## Task
Read through the lines below for the string "bullet" and copy each one that has it.

[Dataset extract — start]

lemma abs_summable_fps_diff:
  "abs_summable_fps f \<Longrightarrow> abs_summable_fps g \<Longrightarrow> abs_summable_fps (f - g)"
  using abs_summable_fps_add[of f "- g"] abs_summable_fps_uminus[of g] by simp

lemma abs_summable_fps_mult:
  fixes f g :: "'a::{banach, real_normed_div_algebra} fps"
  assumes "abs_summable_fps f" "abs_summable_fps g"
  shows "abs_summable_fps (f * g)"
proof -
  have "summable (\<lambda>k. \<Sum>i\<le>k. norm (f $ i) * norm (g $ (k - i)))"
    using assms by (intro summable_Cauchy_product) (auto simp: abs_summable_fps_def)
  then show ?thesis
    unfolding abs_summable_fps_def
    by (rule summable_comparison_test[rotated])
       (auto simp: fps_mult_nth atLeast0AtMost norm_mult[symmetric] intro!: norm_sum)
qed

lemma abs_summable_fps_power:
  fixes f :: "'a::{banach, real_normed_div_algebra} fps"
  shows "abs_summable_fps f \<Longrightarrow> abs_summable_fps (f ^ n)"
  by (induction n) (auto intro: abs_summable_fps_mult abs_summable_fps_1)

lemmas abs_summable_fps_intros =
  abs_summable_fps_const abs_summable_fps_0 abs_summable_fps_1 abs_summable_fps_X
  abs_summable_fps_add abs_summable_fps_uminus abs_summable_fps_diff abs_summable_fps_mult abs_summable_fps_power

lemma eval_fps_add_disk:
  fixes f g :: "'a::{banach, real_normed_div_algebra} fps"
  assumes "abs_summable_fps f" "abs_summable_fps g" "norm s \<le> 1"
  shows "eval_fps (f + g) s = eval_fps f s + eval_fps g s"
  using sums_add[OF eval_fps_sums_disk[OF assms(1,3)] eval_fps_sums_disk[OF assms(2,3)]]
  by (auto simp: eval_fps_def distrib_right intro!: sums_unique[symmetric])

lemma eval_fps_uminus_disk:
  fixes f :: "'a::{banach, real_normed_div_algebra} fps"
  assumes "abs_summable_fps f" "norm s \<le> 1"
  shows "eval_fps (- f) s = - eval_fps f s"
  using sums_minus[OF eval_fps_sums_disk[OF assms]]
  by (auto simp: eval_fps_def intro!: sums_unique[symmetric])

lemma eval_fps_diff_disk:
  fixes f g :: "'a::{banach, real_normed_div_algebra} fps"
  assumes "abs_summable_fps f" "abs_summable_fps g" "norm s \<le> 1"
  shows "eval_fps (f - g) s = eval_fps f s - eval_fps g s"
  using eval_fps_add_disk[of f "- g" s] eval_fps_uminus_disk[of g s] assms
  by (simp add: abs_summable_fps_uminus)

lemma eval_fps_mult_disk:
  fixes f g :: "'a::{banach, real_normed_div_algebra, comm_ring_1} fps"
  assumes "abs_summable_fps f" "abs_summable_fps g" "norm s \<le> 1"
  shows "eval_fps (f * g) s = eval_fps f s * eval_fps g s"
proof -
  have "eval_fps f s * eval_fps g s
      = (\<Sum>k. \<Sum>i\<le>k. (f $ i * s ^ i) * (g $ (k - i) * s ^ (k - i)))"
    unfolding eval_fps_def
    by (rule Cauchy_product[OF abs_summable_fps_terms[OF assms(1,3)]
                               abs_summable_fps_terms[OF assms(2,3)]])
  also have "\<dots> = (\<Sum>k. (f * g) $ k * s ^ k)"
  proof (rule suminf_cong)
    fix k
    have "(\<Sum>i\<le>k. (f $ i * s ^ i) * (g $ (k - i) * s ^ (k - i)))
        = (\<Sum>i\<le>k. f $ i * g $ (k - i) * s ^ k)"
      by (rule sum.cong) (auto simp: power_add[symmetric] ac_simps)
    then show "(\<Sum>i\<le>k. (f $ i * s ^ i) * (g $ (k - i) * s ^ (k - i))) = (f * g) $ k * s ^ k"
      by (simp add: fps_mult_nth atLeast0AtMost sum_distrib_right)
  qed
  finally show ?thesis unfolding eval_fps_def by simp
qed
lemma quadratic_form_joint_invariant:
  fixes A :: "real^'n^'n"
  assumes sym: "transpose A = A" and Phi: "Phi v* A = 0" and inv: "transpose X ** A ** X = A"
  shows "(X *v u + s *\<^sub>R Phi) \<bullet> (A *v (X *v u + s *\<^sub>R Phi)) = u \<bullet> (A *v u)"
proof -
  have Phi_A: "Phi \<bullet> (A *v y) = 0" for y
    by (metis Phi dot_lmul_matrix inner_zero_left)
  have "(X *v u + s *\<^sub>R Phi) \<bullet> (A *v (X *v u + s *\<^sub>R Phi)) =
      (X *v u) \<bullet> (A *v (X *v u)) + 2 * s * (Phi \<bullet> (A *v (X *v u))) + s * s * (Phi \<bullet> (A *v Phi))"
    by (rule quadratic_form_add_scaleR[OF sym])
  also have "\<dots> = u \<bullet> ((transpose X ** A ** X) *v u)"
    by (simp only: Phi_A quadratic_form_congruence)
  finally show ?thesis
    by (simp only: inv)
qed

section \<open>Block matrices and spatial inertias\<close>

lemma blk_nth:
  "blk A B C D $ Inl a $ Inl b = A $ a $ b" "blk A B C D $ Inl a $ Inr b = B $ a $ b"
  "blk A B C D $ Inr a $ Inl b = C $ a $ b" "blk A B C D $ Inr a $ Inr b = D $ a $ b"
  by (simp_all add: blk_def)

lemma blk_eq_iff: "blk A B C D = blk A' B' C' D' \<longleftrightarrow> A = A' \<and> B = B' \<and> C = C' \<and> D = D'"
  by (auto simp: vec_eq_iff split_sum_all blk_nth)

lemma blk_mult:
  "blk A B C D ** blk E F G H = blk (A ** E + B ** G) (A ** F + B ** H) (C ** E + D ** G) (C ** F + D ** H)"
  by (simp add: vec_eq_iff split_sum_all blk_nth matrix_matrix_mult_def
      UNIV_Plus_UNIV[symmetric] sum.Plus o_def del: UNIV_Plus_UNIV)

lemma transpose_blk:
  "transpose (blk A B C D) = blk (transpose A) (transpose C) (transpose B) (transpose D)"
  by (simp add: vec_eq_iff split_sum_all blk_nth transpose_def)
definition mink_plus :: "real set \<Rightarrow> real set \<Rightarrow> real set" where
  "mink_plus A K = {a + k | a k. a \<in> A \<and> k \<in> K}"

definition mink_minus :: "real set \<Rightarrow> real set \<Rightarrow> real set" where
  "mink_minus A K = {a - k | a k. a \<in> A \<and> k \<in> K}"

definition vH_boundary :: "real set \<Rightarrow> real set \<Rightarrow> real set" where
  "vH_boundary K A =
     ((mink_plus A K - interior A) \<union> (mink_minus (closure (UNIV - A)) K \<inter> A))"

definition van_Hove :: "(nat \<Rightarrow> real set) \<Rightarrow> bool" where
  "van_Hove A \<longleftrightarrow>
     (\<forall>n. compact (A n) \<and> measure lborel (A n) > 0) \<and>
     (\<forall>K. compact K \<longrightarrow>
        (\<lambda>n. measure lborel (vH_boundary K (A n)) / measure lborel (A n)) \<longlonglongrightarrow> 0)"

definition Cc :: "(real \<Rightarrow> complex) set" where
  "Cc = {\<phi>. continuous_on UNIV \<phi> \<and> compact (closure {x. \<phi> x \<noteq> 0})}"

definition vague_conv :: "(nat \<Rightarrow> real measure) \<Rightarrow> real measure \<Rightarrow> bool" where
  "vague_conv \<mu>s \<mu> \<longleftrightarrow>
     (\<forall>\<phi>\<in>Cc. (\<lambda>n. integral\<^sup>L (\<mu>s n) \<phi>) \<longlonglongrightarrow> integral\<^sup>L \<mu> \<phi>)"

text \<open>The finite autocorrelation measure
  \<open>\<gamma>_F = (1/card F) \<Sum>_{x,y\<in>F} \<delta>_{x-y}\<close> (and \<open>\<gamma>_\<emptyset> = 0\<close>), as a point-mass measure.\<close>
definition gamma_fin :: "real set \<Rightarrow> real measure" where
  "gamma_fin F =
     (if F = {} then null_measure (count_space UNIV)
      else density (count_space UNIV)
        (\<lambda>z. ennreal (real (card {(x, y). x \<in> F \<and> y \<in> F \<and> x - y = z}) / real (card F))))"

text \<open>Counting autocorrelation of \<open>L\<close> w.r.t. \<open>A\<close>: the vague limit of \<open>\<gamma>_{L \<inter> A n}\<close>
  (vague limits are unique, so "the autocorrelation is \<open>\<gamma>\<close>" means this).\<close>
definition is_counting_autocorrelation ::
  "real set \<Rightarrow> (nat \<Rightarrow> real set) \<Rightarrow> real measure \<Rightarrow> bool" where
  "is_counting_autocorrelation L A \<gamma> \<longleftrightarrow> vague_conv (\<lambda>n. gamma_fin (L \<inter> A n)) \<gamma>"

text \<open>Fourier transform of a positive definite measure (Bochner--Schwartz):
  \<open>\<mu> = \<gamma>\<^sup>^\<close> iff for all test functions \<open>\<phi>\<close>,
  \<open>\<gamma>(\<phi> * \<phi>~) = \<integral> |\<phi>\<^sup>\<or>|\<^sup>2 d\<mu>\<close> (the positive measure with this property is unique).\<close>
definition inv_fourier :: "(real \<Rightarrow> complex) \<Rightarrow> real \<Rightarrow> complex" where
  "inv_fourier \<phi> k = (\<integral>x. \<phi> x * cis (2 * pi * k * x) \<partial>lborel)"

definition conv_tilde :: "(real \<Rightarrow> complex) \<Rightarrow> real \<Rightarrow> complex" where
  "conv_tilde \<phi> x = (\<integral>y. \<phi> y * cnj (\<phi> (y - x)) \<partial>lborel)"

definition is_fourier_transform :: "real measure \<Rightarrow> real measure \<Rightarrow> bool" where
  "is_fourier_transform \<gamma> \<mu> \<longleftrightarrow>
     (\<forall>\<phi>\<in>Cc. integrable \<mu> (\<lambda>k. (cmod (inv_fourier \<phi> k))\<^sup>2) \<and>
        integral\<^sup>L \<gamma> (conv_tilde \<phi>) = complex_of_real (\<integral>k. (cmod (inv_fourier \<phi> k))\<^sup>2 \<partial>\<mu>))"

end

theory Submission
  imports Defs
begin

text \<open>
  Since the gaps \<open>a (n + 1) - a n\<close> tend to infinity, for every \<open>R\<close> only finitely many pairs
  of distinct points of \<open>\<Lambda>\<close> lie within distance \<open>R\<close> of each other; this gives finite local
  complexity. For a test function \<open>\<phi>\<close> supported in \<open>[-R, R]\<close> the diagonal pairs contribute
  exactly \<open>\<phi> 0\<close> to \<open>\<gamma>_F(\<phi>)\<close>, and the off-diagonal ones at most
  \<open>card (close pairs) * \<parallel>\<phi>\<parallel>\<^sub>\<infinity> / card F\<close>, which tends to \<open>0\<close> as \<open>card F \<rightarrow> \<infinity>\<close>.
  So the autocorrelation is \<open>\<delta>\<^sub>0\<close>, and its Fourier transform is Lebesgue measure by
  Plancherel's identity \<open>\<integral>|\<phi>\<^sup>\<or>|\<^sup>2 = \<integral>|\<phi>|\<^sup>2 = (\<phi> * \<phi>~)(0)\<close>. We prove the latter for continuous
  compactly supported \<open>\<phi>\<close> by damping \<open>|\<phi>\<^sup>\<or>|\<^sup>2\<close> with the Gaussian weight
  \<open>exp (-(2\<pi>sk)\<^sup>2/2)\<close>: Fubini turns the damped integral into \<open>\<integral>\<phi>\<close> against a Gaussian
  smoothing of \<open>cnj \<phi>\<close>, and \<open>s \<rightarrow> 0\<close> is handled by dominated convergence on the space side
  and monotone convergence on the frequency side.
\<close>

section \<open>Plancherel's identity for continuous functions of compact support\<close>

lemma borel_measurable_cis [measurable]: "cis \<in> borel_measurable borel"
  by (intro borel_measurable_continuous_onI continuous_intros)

[Dataset extract — finish]

## Answer space
  shows "(X *v u + s *\<^sub>R Phi) \<bullet> (A *v (X *v u + s *\<^sub>R Phi)) = u \<bullet> (A *v u)"
  have Phi_A: "Phi \<bullet> (A *v y) = 0" for y
  have "(X *v u + s *\<^sub>R Phi) \<bullet> (A *v (X *v u + s *\<^sub>R Phi)) =
      (X *v u) \<bullet> (A *v (X *v u)) + 2 * s * (Phi \<bullet> (A *v (X *v u))) + s * s * (Phi \<bullet> (A *v Phi))"
  also have "\<dots> = u \<bullet> ((transpose X ** A ** X) *v u)"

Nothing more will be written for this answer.